lemma trapezoid_kernel_integration_by_parts:
  fixes f f' :: "real \<Rightarrow> real"
  assumes "a < c" "\<alpha> > 0" "continuous_on {a..c} f"
    and "\<And>x. x \<in> {a<..<c} \<Longrightarrow> (f has_real_derivative f' x) (at x)"
  shows "((\<lambda>x. trapezoid_kernel \<alpha> a c x * f' x
            - \<alpha> / (c - a) powr \<alpha> * ((c - x) powr (\<alpha> - 1) * f x + (x - a) powr (\<alpha> - 1) * f x))
          has_integral - f c - f a) {a..c}"
proof -
  let ?F = "\<lambda>x. trapezoid_kernel \<alpha> a c x * f x"
  have "((\<lambda>x. trapezoid_kernel \<alpha> a c x * f' x
            - \<alpha> / (c - a) powr \<alpha> * ((c - x) powr (\<alpha> - 1) * f x + (x - a) powr (\<alpha> - 1) * f x))
          has_integral ?F c - ?F a) {a..c}"
  proof (rule fundamental_theorem_of_calculus_interior)
    show "continuous_on {a..c} ?F"
      using continuous_on_trapezoid_kernel[OF assms(2)] assms(3) by (rule continuous_on_mult)
    fix x assume x: "x \<in> {a<..<c}"
    have "(?F has_real_derivative trapezoid_kernel \<alpha> a c x * f' x
        - \<alpha> / (c - a) powr \<alpha> * ((c - x) powr (\<alpha> - 1) * f x + (x - a) powr (\<alpha> - 1) * f x)) (at x)"
      using x by (intro DERIV_cong[OF DERIV_mult[OF trapezoid_kernel_has_real_derivative assms(4)[OF x]]])
        (auto simp: diff_divide_distrib add_divide_distrib algebra_simps)
    then show "(?F has_vector_derivative trapezoid_kernel \<alpha> a c x * f' x
        - \<alpha> / (c - a) powr \<alpha> * ((c - x) powr (\<alpha> - 1) * f x + (x - a) powr (\<alpha> - 1) * f x)) (at x)"
      by (simp add: has_real_derivative_iff_has_vector_derivative)
  qed (use assms(1) in auto)
  then show ?thesis
    by (simp add: trapezoid_kernel_endpoints[OF assms(1,2)])
qed

lemma fractional_trapezoid_identity:
  fixes f f' :: "real \<Rightarrow> real"
  assumes "a < c" "\<alpha> > 0" "continuous_on {a..c} f"
    and "\<And>x. x \<in> {a<..<c} \<Longrightarrow> (f has_real_derivative f' x) (at x)"
    and "f' absolutely_integrable_on {a..c}"
  shows "(f a + f c) / 2 - Gamma (\<alpha> + 1) / (2 * (c - a) powr \<alpha>) * (RL_left \<alpha> a f c + RL_right \<alpha> c f a)
       = - integral {a..c} (\<lambda>x. trapezoid_kernel \<alpha> a c x * f' x) / 2"
proof -
  define H where "H = (c - a) powr \<alpha>"
  define IK where "IK = integral {a..c} (\<lambda>x. trapezoid_kernel \<alpha> a c x * f' x)"
  define R where "R = RL_left \<alpha> a f c + RL_right \<alpha> c f a"
  have "((\<lambda>x. trapezoid_kernel \<alpha> a c x * f' x) has_integral IK) {a..c}"
    unfolding IK_def using absolutely_integrable_trapezoid_kernel_mult[OF assms(2,5)]
    by (intro integrable_integral set_lebesgue_integral_eq_integral(1))
  moreover have "((\<lambda>x. \<alpha> / H * ((c - x) powr (\<alpha> - 1) * f x + (x - a) powr (\<alpha> - 1) * f x))
      has_integral \<alpha> / H * (Gamma \<alpha> * RL_left \<alpha> a f c + Gamma \<alpha> * RL_right \<alpha> c f a)) {a..c}"
    using assms(1-3)
    by (intro has_integral_mult_right has_integral_add has_integral_RL_left has_integral_RL_right) auto
  ultimately have "((\<lambda>x. trapezoid_kernel \<alpha> a c x * f' x
      - \<alpha> / H * ((c - x) powr (\<alpha> - 1) * f x + (x - a) powr (\<alpha> - 1) * f x))
      has_integral IK - \<alpha> * Gamma \<alpha> / H * R) {a..c}"
    by (simp add: R_def has_integral_diff algebra_simps)
  then have "IK - \<alpha> * Gamma \<alpha> / H * R = - f c - f a"
    using trapezoid_kernel_integration_by_parts[OF assms(1-4)] unfolding H_def
    by (rule has_integral_unique)
  moreover have "Gamma (\<alpha> + 1) = \<alpha> * Gamma \<alpha>"
    using assms(2) by (intro Gamma_plus1) (auto elim!: nonpos_Ints_cases)
  moreover have "H > 0"
    using assms(1) by (simp add: H_def)
  ultimately show ?thesis
    unfolding H_def[symmetric] IK_def[symmetric] R_def[symmetric] by (simp add: field_simps)
qed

ACTIVITY –
Of the entries above, repeat exactly the lines between the line with "- \<alpha> / H" and the line with "by (rule has_integral_unique)", inclusive, and no others.

YOUR RESPONSE –
      - \<alpha> / H * ((c - x) powr (\<alpha> - 1) * f x + (x - a) powr (\<alpha> - 1) * f x))
      has_integral IK - \<alpha> * Gamma \<alpha> / H * R) {a..c}"
    by (simp add: R_def has_integral_diff algebra_simps)
  then have "IK - \<alpha> * Gamma \<alpha> / H * R = - f c - f a"
    using trapezoid_kernel_integration_by_parts[OF assms(1-4)] unfolding H_def
    by (rule has_integral_unique)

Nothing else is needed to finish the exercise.